Please work out how many lines in the entries contain "rbrakk", then give that number with nothing added.

── DATA FOR ANALYSIS

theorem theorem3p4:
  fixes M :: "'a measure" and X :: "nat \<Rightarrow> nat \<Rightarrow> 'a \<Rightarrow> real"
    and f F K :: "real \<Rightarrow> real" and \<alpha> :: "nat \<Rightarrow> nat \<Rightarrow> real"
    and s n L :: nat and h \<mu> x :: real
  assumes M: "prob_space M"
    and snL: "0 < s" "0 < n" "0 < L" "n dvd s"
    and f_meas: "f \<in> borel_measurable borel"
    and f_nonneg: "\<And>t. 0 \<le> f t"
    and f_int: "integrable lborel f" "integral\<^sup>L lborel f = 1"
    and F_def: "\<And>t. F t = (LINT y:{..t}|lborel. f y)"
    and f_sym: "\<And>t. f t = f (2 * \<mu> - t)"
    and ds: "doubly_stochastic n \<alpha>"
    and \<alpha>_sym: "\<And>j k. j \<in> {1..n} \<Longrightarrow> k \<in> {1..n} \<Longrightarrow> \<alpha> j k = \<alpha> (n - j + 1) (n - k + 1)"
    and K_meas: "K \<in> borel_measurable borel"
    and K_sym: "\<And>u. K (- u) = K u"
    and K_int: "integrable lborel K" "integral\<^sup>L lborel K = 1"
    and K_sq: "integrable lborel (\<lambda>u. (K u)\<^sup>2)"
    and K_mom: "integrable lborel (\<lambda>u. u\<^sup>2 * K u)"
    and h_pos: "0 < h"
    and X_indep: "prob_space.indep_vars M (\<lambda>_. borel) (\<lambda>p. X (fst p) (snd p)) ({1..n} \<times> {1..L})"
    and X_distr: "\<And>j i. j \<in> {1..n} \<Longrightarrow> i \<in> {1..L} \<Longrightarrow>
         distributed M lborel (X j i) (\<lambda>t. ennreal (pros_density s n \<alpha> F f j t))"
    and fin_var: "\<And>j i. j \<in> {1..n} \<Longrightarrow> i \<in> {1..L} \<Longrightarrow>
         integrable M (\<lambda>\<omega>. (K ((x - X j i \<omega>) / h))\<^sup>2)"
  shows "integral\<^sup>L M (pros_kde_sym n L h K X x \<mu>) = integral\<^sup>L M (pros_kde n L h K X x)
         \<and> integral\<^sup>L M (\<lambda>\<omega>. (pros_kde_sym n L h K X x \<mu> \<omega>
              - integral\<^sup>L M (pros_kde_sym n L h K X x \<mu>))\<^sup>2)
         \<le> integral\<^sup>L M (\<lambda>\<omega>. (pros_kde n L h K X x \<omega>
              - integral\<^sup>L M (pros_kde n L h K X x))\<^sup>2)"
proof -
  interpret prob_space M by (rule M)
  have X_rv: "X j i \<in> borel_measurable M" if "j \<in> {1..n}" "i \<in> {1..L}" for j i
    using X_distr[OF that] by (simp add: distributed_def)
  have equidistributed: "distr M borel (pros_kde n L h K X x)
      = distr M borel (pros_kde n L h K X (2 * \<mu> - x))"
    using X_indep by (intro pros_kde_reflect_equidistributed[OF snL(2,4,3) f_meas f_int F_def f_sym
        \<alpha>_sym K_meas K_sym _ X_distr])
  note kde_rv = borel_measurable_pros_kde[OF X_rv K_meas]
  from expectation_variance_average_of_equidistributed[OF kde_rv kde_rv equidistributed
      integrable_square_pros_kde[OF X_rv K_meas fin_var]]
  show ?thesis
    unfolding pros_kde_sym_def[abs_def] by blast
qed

────
── DATA FOR ANALYSIS

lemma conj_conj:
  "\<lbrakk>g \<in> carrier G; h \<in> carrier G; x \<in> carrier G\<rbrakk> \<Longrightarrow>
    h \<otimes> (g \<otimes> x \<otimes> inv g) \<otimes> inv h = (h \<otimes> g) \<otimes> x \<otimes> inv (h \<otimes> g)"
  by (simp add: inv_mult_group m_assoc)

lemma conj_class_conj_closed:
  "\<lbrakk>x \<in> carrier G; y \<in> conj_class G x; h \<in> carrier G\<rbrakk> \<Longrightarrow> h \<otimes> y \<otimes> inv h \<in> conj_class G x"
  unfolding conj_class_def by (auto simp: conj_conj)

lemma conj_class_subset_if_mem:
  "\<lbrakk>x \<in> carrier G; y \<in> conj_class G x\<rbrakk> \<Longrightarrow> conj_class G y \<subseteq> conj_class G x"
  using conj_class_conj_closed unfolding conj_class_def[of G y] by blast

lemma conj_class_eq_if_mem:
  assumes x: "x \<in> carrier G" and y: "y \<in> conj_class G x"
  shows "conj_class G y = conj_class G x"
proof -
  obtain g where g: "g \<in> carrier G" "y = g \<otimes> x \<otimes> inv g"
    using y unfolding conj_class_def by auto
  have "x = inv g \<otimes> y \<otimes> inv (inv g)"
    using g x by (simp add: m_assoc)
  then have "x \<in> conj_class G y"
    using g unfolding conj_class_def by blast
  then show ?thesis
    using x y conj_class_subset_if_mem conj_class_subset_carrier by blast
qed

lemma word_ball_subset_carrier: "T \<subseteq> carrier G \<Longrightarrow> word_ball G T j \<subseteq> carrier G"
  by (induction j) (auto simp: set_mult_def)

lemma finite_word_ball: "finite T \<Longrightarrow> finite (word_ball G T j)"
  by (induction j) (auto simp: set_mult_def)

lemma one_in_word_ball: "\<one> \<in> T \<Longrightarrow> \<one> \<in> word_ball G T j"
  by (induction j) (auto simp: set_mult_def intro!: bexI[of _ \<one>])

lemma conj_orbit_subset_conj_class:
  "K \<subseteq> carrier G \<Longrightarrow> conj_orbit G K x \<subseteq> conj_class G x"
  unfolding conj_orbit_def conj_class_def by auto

────

▶ RESPONSE: 3